WORK INSTRUCTION: Starting at the line with "a0 b) * c b) = 0]", set down each line of the entries below through the last one, exactly as it stands.

Stored records:
▬▬▬
lemma cauchy_mod_eliminate:
  assumes p: "prime p" and G: "cauchy_mod p G u v R (insert b0 C)"
    and "finite C" "b0 \<notin> C" "a \<in> R" "a0 \<in> R" "a \<noteq> a0"
    and "[(\<Sum>b\<in>insert b0 C. G a b * c b) = 0] (mod p)"
    and "[(\<Sum>b\<in>insert b0 C. G a0 b * c b) = 0] (mod p)"
  shows "[(\<Sum>b\<in>C. G a b * ((v b0 - v b) * G a0 b * c b)) = 0] (mod p)"
proof -
  let ?C = "insert b0 C" and ?D = "u a0 - v b0"
  \<comment> \<open>Subtract ?D * G a b0 times row a0 from row a; the factor v b0 - v b kills column b0.\<close>
  have "[(\<Sum>b\<in>?C. G a b * c b) - ?D * G a b0 * (\<Sum>b\<in>?C. G a0 b * c b)
      = 0 - ?D * G a b0 * 0] (mod p)"
    using assms(8,9) by (intro cong_diff cong_mult cong_refl)
  moreover have "(\<Sum>b\<in>?C. G a b * c b) - ?D * G a b0 * (\<Sum>b\<in>?C. G a0 b * c b)
      = (\<Sum>b\<in>?C. (G a b - ?D * G a b0 * G a0 b) * c b)"
    by (simp add: left_diff_distrib sum_subtractf sum_distrib_left mult.assoc)
  ultimately have zero: "[(\<Sum>b\<in>?C. (G a b - ?D * G a b0 * G a0 b) * c b) = 0] (mod p)"
    by simp
  have schur: "[(\<Sum>b\<in>?C. (G a b - ?D * G a b0 * G a0 b) * c b)
      = (\<Sum>b\<in>?C. (u a - u a0) * (v b0 - v b) * G a b * G a b0 * G a0 b * c b)] (mod p)"
    using G \<open>a \<in> R\<close> \<open>a0 \<in> R\<close> unfolding cauchy_mod_def
    by (intro cong_sum cong_mult cong_refl cauchy_schur_cong) auto
  have factor: "(\<Sum>b\<in>?C. (u a - u a0) * (v b0 - v b) * G a b * G a b0 * G a0 b * c b)
      = (u a - u a0) * G a b0 * (\<Sum>b\<in>C. G a b * ((v b0 - v b) * G a0 b * c b))"
    using assms(3,4) by (simp add: sum_distrib_left mult_ac)
  have "\<not> p dvd (u a - u a0) * G a b0"
    using assms(5-7) G p
    by (auto simp: prime_dvd_mult_iff dest: cauchy_mod_not_dvd_diff cauchy_mod_entry_not_dvd)
  moreover have
    "[(u a - u a0) * G a b0 * (\<Sum>b\<in>C. G a b * ((v b0 - v b) * G a0 b * c b)) = 0] (mod p)"
    using cong_trans[OF cong_sym[OF schur[unfolded factor]] zero] .
  ultimately show ?thesis
    by (rule prime_cong_mult_0_cancel[OF p])
qed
▬▬▬
REPLY TO THE EXERCISE:
  ultimately have zero: "[(\<Sum>b\<in>?C. (G a b - ?D * G a b0 * G a0 b) * c b) = 0] (mod p)"
    by simp
  have schur: "[(\<Sum>b\<in>?C. (G a b - ?D * G a b0 * G a0 b) * c b)
      = (\<Sum>b\<in>?C. (u a - u a0) * (v b0 - v b) * G a b * G a b0 * G a0 b * c b)] (mod p)"
    using G \<open>a \<in> R\<close> \<open>a0 \<in> R\<close> unfolding cauchy_mod_def
    by (intro cong_sum cong_mult cong_refl cauchy_schur_cong) auto
  have factor: "(\<Sum>b\<in>?C. (u a - u a0) * (v b0 - v b) * G a b * G a b0 * G a0 b * c b)
      = (u a - u a0) * G a b0 * (\<Sum>b\<in>C. G a b * ((v b0 - v b) * G a0 b * c b))"
    using assms(3,4) by (simp add: sum_distrib_left mult_ac)
  have "\<not> p dvd (u a - u a0) * G a b0"
    using assms(5-7) G p
    by (auto simp: prime_dvd_mult_iff dest: cauchy_mod_not_dvd_diff cauchy_mod_entry_not_dvd)
  moreover have
    "[(u a - u a0) * G a b0 * (\<Sum>b\<in>C. G a b * ((v b0 - v b) * G a0 b * c b)) = 0] (mod p)"
    using cong_trans[OF cong_sym[OF schur[unfolded factor]] zero] .
  ultimately show ?thesis
    by (rule prime_cong_mult_0_cancel[OF p])
qed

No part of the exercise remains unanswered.